Тем временем в новом доме пьют за то и это. Кистер добился чего хотел. Лекси, весь в грязи прибегает с улицы к столу и просит:
– Мама, дай и мне тоже!
– Чего?
– Все равно чего – мне холодно и есть охота.
Хозяин возвращается в новый дом и произносит только два слова: – М-да, н-да! – Но и они, можно сказать, почти одинаковые.
В нынешнее воскресенье в паунвереском волостном доме ожидается большой праздник: вступительная речь, пение хора и в заключение, разумеется, танцы. Во всяком случае, так значится в афише. Народ к волостному дому чуть не валом валит. Большак подсох, однако, как это свойственно нашим прекрасным дорогам, его еще украшают разбросанные там и сям грязные лужи. По всей вероятности, велосипеды, все, сколько их ни на есть, выкатили из помещений, потому что теперь на каждые два человека куплено три велосипеда, в рассрочку и тому подобное. Но стоит через подсыхающую лужу проскочить какому-нибудь мотоциклу, как лицо и одежда пешеходов – которые, правда, встречаются не чаще, чем домовые, сплошь в брызгах грязи.

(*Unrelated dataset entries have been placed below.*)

text \<open>A Steiner triple system on the point set UNIV of a finite type 'n
  (so its order is CARD('n)): a collection of 3-subsets (blocks) such that
  every 2-subset of points is contained in exactly one block.\<close>
definition steiner_triple_system :: "'n::finite set set \<Rightarrow> bool" where
  "steiner_triple_system B \<longleftrightarrow>
     (\<forall>b\<in>B. card b = 3) \<and>
     (\<forall>x y. x \<noteq> y \<longrightarrow> (\<exists>!b. b \<in> B \<and> {x, y} \<subseteq> b))"

definition char_vec :: "'n::finite set \<Rightarrow> 'f::field ^ 'n" where
  "char_vec b = (\<chi> i. if i \<in> b then 1 else 0)"

text \<open>Rank over the field 'f: dimension of the 'f-linear span of the
  characteristic vectors of the blocks in 'f^n.  For a field 'f with
  CARD('f) = p prime, 'f is GF(p) and this is the p-rank.\<close>
definition rank_over :: "'f::field itself \<Rightarrow> 'n::finite set set \<Rightarrow> nat" where
  "rank_over F B = vec.dim ((char_vec :: 'n set \<Rightarrow> 'f ^ 'n) ` B)"

end

(*
  A nonzero vector over GF(2) orthogonal to all blocks is the indicator of a nonempty set S
  meeting every block in an even number of points.  A vector over GF(3) orthogonal to all blocks
  and vanishing at one point is a non-constant colouring with three colours in which every block
  is monochromatic or rainbow; its colour classes are subsystems.  For a fixed point p, the map
  y \<mapsto> (third point of the block through p and y) is an involution, and pairing points with it
  shows: |S| = |-S| + 1, the same holds inside every subsystem meeting S, and the three colour
  classes have a common size m.  Summing over the classes, j - (3 - j) m = 1 where j classes
  meet S, so j = 2 and m = 1, i.e. v = 3.
*)

theory Submission
  imports Defs "HOL-Number_Theory.Residues"
begin

lemma vec_dim_Un_le:
  fixes A C :: "('f::field ^ 'n) set"
  assumes "finite C"
  shows "vec.dim (A \<union> C) \<le> vec.dim A + card C"
  using assms
proof (induction C rule: finite_induct)
  case (insert c C)
  have "vec.dim (A \<union> insert c C) \<le> vec.dim (A \<union> C) + 1"
    by (simp add: vec.dim_insert)
  with insert show ?case
    by simp
qed simp

lemma exists_linear_vanishing_on_span:
  fixes A :: "('f::field ^ 'n) set"
  assumes "e \<notin> vec.span A"
  obtains L :: "'f ^ 'n \<Rightarrow> 'f ^ 'n"
  where "Vector_Spaces.linear (*s) (*s) L" "\<And>a. a \<in> vec.span A \<Longrightarrow> L a = 0" "L e \<noteq> 0"
proof -
  obtain C where C: "C \<subseteq> vec.span A" "vec.independent C" "vec.span A \<subseteq> vec.span C"
    using vec.maximal_independent_subset by blast
  have "vec.span C \<subseteq> vec.span A"
    using C(1) vec.span_minimal vec.subspace_span by blast
  with assms C(2) have indep: "vec.independent (insert e C)"
    using vec.span_base by (auto simp: vec.independent_insert)
  define L :: "'f ^ 'n \<Rightarrow> 'f ^ 'n"
    where "L = vec.construct (insert e C) (\<lambda>b. if b = e then 1 else 0)"
  have lin: "Vector_Spaces.linear (*s) (*s) L"
    unfolding L_def using indep by (rule vec.linear_construct)
  show thesis
  proof
    show "Vector_Spaces.linear (*s) (*s) L"
      by (fact lin)
    show "L e \<noteq> 0"
      unfolding L_def by (simp add: vec.construct_basis[OF indep] vec_eq_iff)
    fix a assume "a \<in> vec.span A"
    then have "a \<in> vec.span C"
      using C(3) by blast
    moreover have "L c = 0" if "c \<in> C" for c
      using that assms C(1) unfolding L_def by (auto simp: vec.construct_basis[OF indep])
    ultimately show "L a = 0"
      using vec.linear_eq_0_on_span[OF lin] by blast
  qed
qed

lemma exists_nonzero_orthogonal:
  fixes A :: "('f::field ^ 'n) set"
  assumes "vec.dim A < CARD('n)"
  obtains x :: "'f ^ 'n" where "x \<noteq> 0" "\<And>a. a \<in> A \<Longrightarrow> (\<Sum>i\<in>UNIV. a $ i * x $ i) = 0"
proof -
  have "vec.span A \<noteq> UNIV"
    by (metis assms vec.dim_span vec_dim_card less_irrefl)
  then obtain e where "e \<notin> vec.span A"
    by blast
  then obtain L :: "'f ^ 'n \<Rightarrow> 'f ^ 'n" where L: "Vector_Spaces.linear (*s) (*s) L"
    "\<And>a. a \<in> vec.span A \<Longrightarrow> L a = 0" "L e \<noteq> 0"
    using exists_linear_vanishing_on_span by metis
  then obtain j where "L e $ j \<noteq> 0"
    by (metis vec_eq_iff zero_index)
  define x where "x = (\<chi> i. L (axis i 1) $ j)"
  have L_component: "L y $ j = (\<Sum>i\<in>UNIV. y $ i * x $ i)" for y
    using linear_componentwise[OF L(1), of y j] by (simp add: x_def)
  show thesis
  proof
    show "x \<noteq> 0"
      using L_component[of e] \<open>L e $ j \<noteq> 0\<close> by auto
    show "(\<Sum>i\<in>UNIV. a $ i * x $ i) = 0" if "a \<in> A" for a
      using L_component[of a] L(2) vec.span_base[OF that] by simp
  qed
qed

lemma sum_char_vec_mult:
  fixes x :: "'f::field ^ 'n"
  shows "(\<Sum>i\<in>UNIV. char_vec b $ i * x $ i) = (\<Sum>i\<in>b. x $ i)"
  by (simp add: char_vec_def mult_if_delta sum.If_cases)

lemma sum_axis_mult:
  fixes x :: "'f::field ^ 'n"
  shows "(\<Sum>i\<in>UNIV. axis k 1 $ i * x $ i) = x $ k"
  by (simp add: axis_def mult_if_delta)
section \<open>Binomials of a kernel vector\<close>

definition pos_part :: "int vec \<Rightarrow> int vec" where
  "pos_part w = vec (dim_vec w) (\<lambda>j. max (w $ j) 0)"

definition neg_part :: "int vec \<Rightarrow> int vec" where
  "neg_part w = vec (dim_vec w) (\<lambda>j. max (- w $ j) 0)"

definition conformal_le :: "int vec \<Rightarrow> int vec \<Rightarrow> bool" where
  "conformal_le l w \<longleftrightarrow> dim_vec l = dim_vec w \<and> (\<forall>j<dim_vec w.
     (0 \<le> w $ j \<longrightarrow> 0 \<le> l $ j \<and> l $ j \<le> w $ j) \<and> (w $ j \<le> 0 \<longrightarrow> w $ j \<le> l $ j \<and> l $ j \<le> 0))"

lemma conformal_le_index:
  assumes "conformal_le l w" "j < dim_vec w"
  shows "0 \<le> w $ j \<Longrightarrow> 0 \<le> l $ j \<and> l $ j \<le> w $ j" "w $ j \<le> 0 \<Longrightarrow> w $ j \<le> l $ j \<and> l $ j \<le> 0"
  using assms by (simp_all add: conformal_le_def)

lemma pos_neg_part_index [simp]:
  "dim_vec (pos_part w) = dim_vec w" "dim_vec (neg_part w) = dim_vec w"
  "j < dim_vec w \<Longrightarrow> pos_part w $ j = max (w $ j) 0"
  "j < dim_vec w \<Longrightarrow> neg_part w $ j = max (- w $ j) 0"
  by (simp_all add: pos_part_def neg_part_def)

lemma pos_neg_part_carrier:
  "w \<in> carrier_vec n \<Longrightarrow> pos_part w \<in> carrier_vec n"
  "w \<in> carrier_vec n \<Longrightarrow> neg_part w \<in> carrier_vec n"
  by (auto intro!: carrier_vecI)

lemma pos_part_minus_neg_part: "pos_part w - neg_part w = w"
  by (intro eq_vecI) auto

lemma natvec_pos_neg_part:
  assumes "w \<in> carrier_vec n"
  shows "natvec n (pos_part w)" "natvec n (neg_part w)"
  using carrier_vecD[OF assms] by (auto simp: natvec_def intro!: carrier_vecI)

lemma in_kerZ_diff_iff:
  assumes "u \<in> carrier_vec (dim_col A)" "v \<in> carrier_vec (dim_col A)"
  shows "u - v \<in> kerZ A \<longleftrightarrow> A *\<^sub>v u = A *\<^sub>v v"
proof -
  have "A *\<^sub>v (u - v) = A *\<^sub>v u - A *\<^sub>v v"
    using assms by (intro mult_minus_distrib_mat_vec[of _ "dim_row A" "dim_col A"]) auto
  then show ?thesis
    using assms unfolding kerZ_def
    by (auto simp: vec_eq_iff)
qed

lemma add_kerZ_in_fiber:
  assumes u: "u \<in> carrier_vec (dim_col A)" and k: "k \<in> kerZ A" and nat: "natvec (dim_col A) (u + k)"
  shows "u + k \<in> fiber A u"
proof -
  have "A *\<^sub>v (u + k) = A *\<^sub>v u + A *\<^sub>v k"
    using u k by (intro mult_add_distrib_mat_vec[of _ "dim_row A" "dim_col A"]) (auto simp: kerZ_def)
  then have "A *\<^sub>v (u + k) = A *\<^sub>v u"
    using k by (auto simp: kerZ_def)
  then show ?thesis
    using nat by (simp add: fiber_def)
qed

lemma conformal_le_diff_of_le_parts:
  assumes car: "u' \<in> carrier_vec (dim_vec w)" "v' \<in> carrier_vec (dim_vec w)"
    and nonneg: "\<forall>j<dim_vec w. 0 \<le> u' $ j \<and> 0 \<le> v' $ j"
    and le: "\<forall>j<dim_vec w. u' $ j \<le> pos_part w $ j \<and> v' $ j \<le> neg_part w $ j"
  shows "conformal_le (u' - v') w"
    and "u' - v' = w \<Longrightarrow> u' = pos_part w \<and> v' = neg_part w"
proof -
  have coords: "(0 \<le> w $ j \<longrightarrow> (u' - v') $ j = u' $ j \<and> u' $ j \<le> w $ j \<and> v' $ j = 0)
      \<and> (w $ j \<le> 0 \<longrightarrow> (u' - v') $ j = - v' $ j \<and> w $ j \<le> - v' $ j \<and> u' $ j = 0)"
    if "j < dim_vec w" for j
    using that car nonneg le by fastforce
  show "conformal_le (u' - v') w"
    unfolding conformal_le_def using car coords nonneg by auto
  assume diff: "u' - v' = w"
  have "u' $ j = pos_part w $ j \<and> v' $ j = neg_part w $ j" if j: "j < dim_vec w" for j
  proof -
    have "(u' - v') $ j = w $ j"
      using diff by simp
    then show ?thesis
      using coords[OF j] j by auto
  qed
  then show "u' = pos_part w \<and> v' = neg_part w"
    using car by (auto intro: eq_vecI)
qed

lemma conformal_le_smult_self:
  assumes conf: "conformal_le (t \<cdot>\<^sub>v w) w" and w: "w \<noteq> 0\<^sub>v (dim_vec w)"
  shows "t = 0 \<or> t = 1"
proof -
  obtain j where j: "j < dim_vec w" "w $ j \<noteq> 0"
    using w by (auto simp: vec_eq_iff)
  have "0 \<le> t \<and> t \<le> 1"
  proof (cases "0 < w $ j")
    case True
    then have "0 \<le> t * w $ j" "t * w $ j \<le> 1 * w $ j"
      using conformal_le_index(1)[OF conf j(1)] j(1) by auto
    then show ?thesis
      using True by (simp add: zero_le_mult_iff mult_le_cancel_right)
  next
    case False
    then have "w $ j < 0"
      using j(2) by simp
    moreover from this have "t * w $ j \<le> 0" "1 * w $ j \<le> t * w $ j"
      using conformal_le_index(2)[OF conf j(1)] j(1) by auto
    ultimately show ?thesis
      by (simp add: mult_le_0_iff mult_le_cancel_right)
  qed
  then show ?thesis
    by linarith
qed

lemma in_toric_pos_neg_parts:
  assumes w: "w \<in> kerZ A" "w \<noteq> 0\<^sub>v (dim_col A)"
  shows "in_toric A (pos_part w) (neg_part w)"
proof -
  define u v where "u = pos_part w" and "v = neg_part w"
  have w_car: "w \<in> carrier_vec (dim_col A)"
    using w(1) by (simp add: kerZ_def)
  then have uv: "natvec (dim_col A) u" "natvec (dim_col A) v"
    by (simp_all add: natvec_pos_neg_part u_def v_def)
  then have uv_car: "u \<in> carrier_vec (dim_col A)" "v \<in> carrier_vec (dim_col A)"
    by (simp_all add: natvec_def)
  have "u - v = w"
    by (simp add: u_def v_def pos_part_minus_neg_part)
  then have "in_toric A u v"
    using uv uv_car w by (auto simp: in_toric_def in_kerZ_diff_iff)
  then show ?thesis
    by (simp add: u_def v_def)
qed

lemma primitive_pos_neg_parts:
  assumes w: "w \<in> kerZ A" "w \<noteq> 0\<^sub>v (dim_col A)"
    and minimal: "\<And>l. l \<in> kerZ A \<Longrightarrow> conformal_le l w \<Longrightarrow> l = 0\<^sub>v (dim_col A) \<or> l = w"
  shows "primitive A (pos_part w) (neg_part w)"
proof -
  have w_car: "w \<in> carrier_vec (dim_col A)"
    using w(1) by (simp add: kerZ_def)
  have "\<not> in_toric A u' v'"
    if ne: "(u', v') \<noteq> (pos_part w, neg_part w)"
      and le: "\<forall>j<dim_col A. u' $ j \<le> pos_part w $ j" "\<forall>j<dim_col A. v' $ j \<le> neg_part w $ j"
    for u' v'
  proof
    assume toric: "in_toric A u' v'"
    then have car: "u' \<in> carrier_vec (dim_vec w)" "v' \<in> carrier_vec (dim_vec w)"
      and nonneg: "\<forall>j<dim_vec w. 0 \<le> u' $ j \<and> 0 \<le> v' $ j"
      using w_car by (auto simp: in_toric_def natvec_def)
    have bounds: "\<forall>j<dim_vec w. u' $ j \<le> pos_part w $ j \<and> v' $ j \<le> neg_part w $ j"
      using le w_car by simp
    have "u' - v' \<in> kerZ A"
      using toric by (simp add: in_toric_def natvec_def in_kerZ_diff_iff)
    moreover have "conformal_le (u' - v') w"
      by (rule conformal_le_diff_of_le_parts(1)[OF car nonneg bounds])
    moreover have "u' - v' \<noteq> w"
      using conformal_le_diff_of_le_parts(2)[OF car nonneg bounds] ne by blast
    ultimately have zero: "u' - v' = 0\<^sub>v (dim_col A)"
      using minimal by blast
    have "u' $ j = v' $ j" if "j < dim_vec w" for j
      using arg_cong[OF zero, of "\<lambda>x. x $ j"] that car w_car by simp
    then have "u' = v'"
      using car by (intro eq_vecI) simp_all
    then show False
      using toric by (simp add: in_toric_def)
  qed
  then show ?thesis
    using in_toric_pos_neg_parts[OF w] by (auto simp: primitive_def)
qed

section \<open>Two-column Gale transforms\<close>

definition row_pair :: "int mat \<Rightarrow> nat \<Rightarrow> int \<times> int" where
  "row_pair B j = (B $$ (j, 0), B $$ (j, 1))"

text \<open>For a two-column Gale transform \<open>B\<close> of \<open>A\<close>, \<open>kernel_vec B\<close> is an isomorphism of \<open>\<int>\<^sup>2\<close> onto
  \<open>ker\<^sub>\<int> A\<close>, and the \<open>j\<close>-th entry of \<open>kernel_vec B x\<close> vanishes exactly when \<open>x \<parallel> b\<^sub>j\<close>.\<close>
definition kernel_vec :: "int mat \<Rightarrow> int \<times> int \<Rightarrow> int vec" where
  "kernel_vec B x = vec (dim_row B) (\<lambda>j. det2 x (row_pair B j))"

lemma kernel_vec_index [simp]:
  "dim_vec (kernel_vec B x) = dim_row B"
  "j < dim_row B \<Longrightarrow> kernel_vec B x $ j = det2 x (row_pair B j)"
  by (simp_all add: kernel_vec_def)

lemma kernel_vec_carrier [simp]: "kernel_vec B x \<in> carrier_vec (dim_row B)"
  by (simp add: kernel_vec_def)

lemma kernel_vec_scale2: "kernel_vec B (scale2 t x) = t \<cdot>\<^sub>v kernel_vec B x"
  by (intro eq_vecI) simp_all

definition coeff_vec :: "int \<times> int \<Rightarrow> int vec" where
  "coeff_vec x = vec 2 (\<lambda>k. if k = 0 then - snd x else fst x)"

locale codim2_gale =
  fixes A B :: "int mat" and n :: nat
  assumes dim_col_A: "dim_col A = n" and dim_row_B: "dim_row B = n" and dim_col_B: "dim_col B = 2"
    and gale: "gale A B"
begin

lemma kernel_vec_eq_mult: "kernel_vec B x = B *\<^sub>v coeff_vec x"
proof (rule eq_vecI)
  fix j assume "j < dim_vec (B *\<^sub>v coeff_vec x)"
  then show "kernel_vec B x $ j = (B *\<^sub>v coeff_vec x) $ j"
    using dim_col_B
    by (simp add: coeff_vec_def scalar_prod_def numeral_2_eq_2 det2_def row_pair_def algebra_simps)
qed simp

lemma mult_gale_eq_0: "A * B = 0\<^sub>m (dim_row A) 2"
proof (rule eq_matI)
  fix i k assume "i < dim_row (0\<^sub>m (dim_row A) 2 :: int mat)" "k < dim_col (0\<^sub>m (dim_row A) 2 :: int mat)"
  then have i: "i < dim_row A" and k: "k < 2"
    by auto
  have "A *\<^sub>v col B k = 0\<^sub>v (dim_row A)"
    using gale k dim_col_B by (auto simp: gale_def kerZ_def)
  moreover have "row A i \<bullet> col B k = (A *\<^sub>v col B k) $ i"
    using i by simp
  ultimately show "(A * B) $$ (i, k) = 0\<^sub>m (dim_row A) 2 $$ (i, k)"
    using i k dim_col_B by simp
qed (simp_all add: dim_col_B)

lemma kernel_vec_in_kerZ: "kernel_vec B x \<in> kerZ A"
proof -
  have "A \<in> carrier_mat (dim_row A) n" "B \<in> carrier_mat n 2" "coeff_vec x \<in> carrier_vec 2"
    using dim_col_A dim_row_B dim_col_B by (auto simp: coeff_vec_def intro: carrier_matI)
  then have "A *\<^sub>v kernel_vec B x = (A * B) *\<^sub>v coeff_vec x"
    by (simp only: kernel_vec_eq_mult assoc_mult_mat_vec)
  also have "\<dots> = 0\<^sub>v (dim_row A)"
    unfolding mult_gale_eq_0 by (intro eq_vecI) (simp_all add: coeff_vec_def scalar_prod_def)
  finally have "A *\<^sub>v kernel_vec B x = 0\<^sub>v (dim_row A)" .
  moreover have "kernel_vec B x \<in> carrier_vec (dim_col A)"
    using dim_col_A dim_row_B kernel_vec_carrier by metis
  ultimately show ?thesis
    by (simp add: kerZ_def)
qed

lemma kerZ_unique_coeffs: "y \<in> kerZ A \<Longrightarrow> \<exists>!c. c \<in> carrier_vec 2 \<and> y = B *\<^sub>v c"
  using gale dim_col_B unfolding gale_def by simp

lemma kerZ_imp_kernel_vec:
  assumes "y \<in> kerZ A"
  shows "\<exists>x. y = kernel_vec B x"
proof -
  obtain c where c: "c \<in> carrier_vec 2" "y = B *\<^sub>v c"
    using kerZ_unique_coeffs[OF assms] by blast
  have "dim_vec c = 2"
    using c(1) by simp
  then have "c = coeff_vec (c $ 1, - c $ 0)"
    by (intro eq_vecI) (auto simp: coeff_vec_def less_2_cases_iff)
  then show ?thesis
    using c(2) kernel_vec_eq_mult by metis
qed

lemma kernel_vec_inj:
  assumes "kernel_vec B x = kernel_vec B y"
  shows "x = y"
proof -
  have "\<exists>!c. c \<in> carrier_vec 2 \<and> kernel_vec B x = B *\<^sub>v c"
    using kerZ_unique_coeffs kernel_vec_in_kerZ by blast
  moreover have "coeff_vec x \<in> carrier_vec 2" "coeff_vec y \<in> carrier_vec 2"
    by (simp_all add: coeff_vec_def)
  ultimately have "coeff_vec x = coeff_vec y"
    using assms kernel_vec_eq_mult by metis
  then have "coeff_vec x $ 0 = coeff_vec y $ 0" "coeff_vec x $ 1 = coeff_vec y $ 1"
    by simp_all
  then show ?thesis
    by (simp add: coeff_vec_def prod_eq_iff)
qed

lemma kernel_vec_eq_0_iff: "kernel_vec B x = 0\<^sub>v n \<longleftrightarrow> x = 0"
proof -
  have "kernel_vec B 0 = 0\<^sub>v n"
    using dim_row_B by (intro eq_vecI) (simp_all add: det2_def)
  then show ?thesis
    using kernel_vec_inj by metis
qed

lemma kernel_vec_eqI:
  assumes "\<And>j. j < n \<Longrightarrow> det2 x (row_pair B j) = det2 y (row_pair B j)"
  shows "x = y"
  using assms dim_row_B by (intro kernel_vec_inj eq_vecI) simp_all

lemma row_pair_eq_0_iff:
  assumes "j < n"
  shows "row_pair B j = 0 \<longleftrightarrow> row B j = 0\<^sub>v 2"
  using assms dim_row_B dim_col_B by (auto simp: row_pair_def vec_eq_iff less_2_cases_iff)

lemma positively_spanning:
  assumes pointed: "\<forall>y\<in>kerZ A. natvec n y \<longrightarrow> y = 0\<^sub>v n" and x: "x \<noteq> 0"
  shows "\<exists>j<n. 0 < det2 x (row_pair B j)"
proof (rule ccontr)
  assume "\<not> (\<exists>j<n. 0 < det2 x (row_pair B j))"
  then have "natvec n (kernel_vec B (- x))"
    using dim_row_B by (auto simp: natvec_def intro!: carrier_vecI)
  then have "kernel_vec B (- x) = 0\<^sub>v n"
    using pointed kernel_vec_in_kerZ by blast
  then show False
    using x by (simp add: kernel_vec_eq_0_iff)
qed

Перед волостным домом все в полном порядке. Только сам он выглядит несколько странно: фасад, по всей видимости, не красили ни до, ни после. Поблекший, словно старая тараканья шкурка.
Но гляди-ка, жители Паунвере в этот осенний день так туда и рвутся, потому что жителям Паунвере и впрямь некуда больше податься в свободное от работы время.
– Йоозеп, поехали и мы тоже, – говорит Тээле своему супругу, – сегодня в Паунвере праздник.
– Можно бы, – муж пожимает плечами, – как бы только мои плечи да ноги не выкинули чего.
– Ох, дорогой Йоозеп, – улещивает его Тээле, – соберись, с силами, съездим, поглядим хоть немного, что там делается.
– Мадис! Куда, черт подери, подевался Мадис? Пусть запряжет лошадь, и мы, моя женушка-старушка, покатим туда, словно большие господа былых времен; все-то в последнюю минуту, хоть бы и на танцы, а уж как лихо я танцую на своих никудышных ногах.
– Да все у тебя в порядке, – Тээле надевает модную шляпку, которую, кстати, прикалывает к волосам длинной булавкой. – Просто-напросто в последнее время ты стал немного вялым. Двигайся, совершай прогулки – вот увидишь, тогда здоровье твое обязательно поправится.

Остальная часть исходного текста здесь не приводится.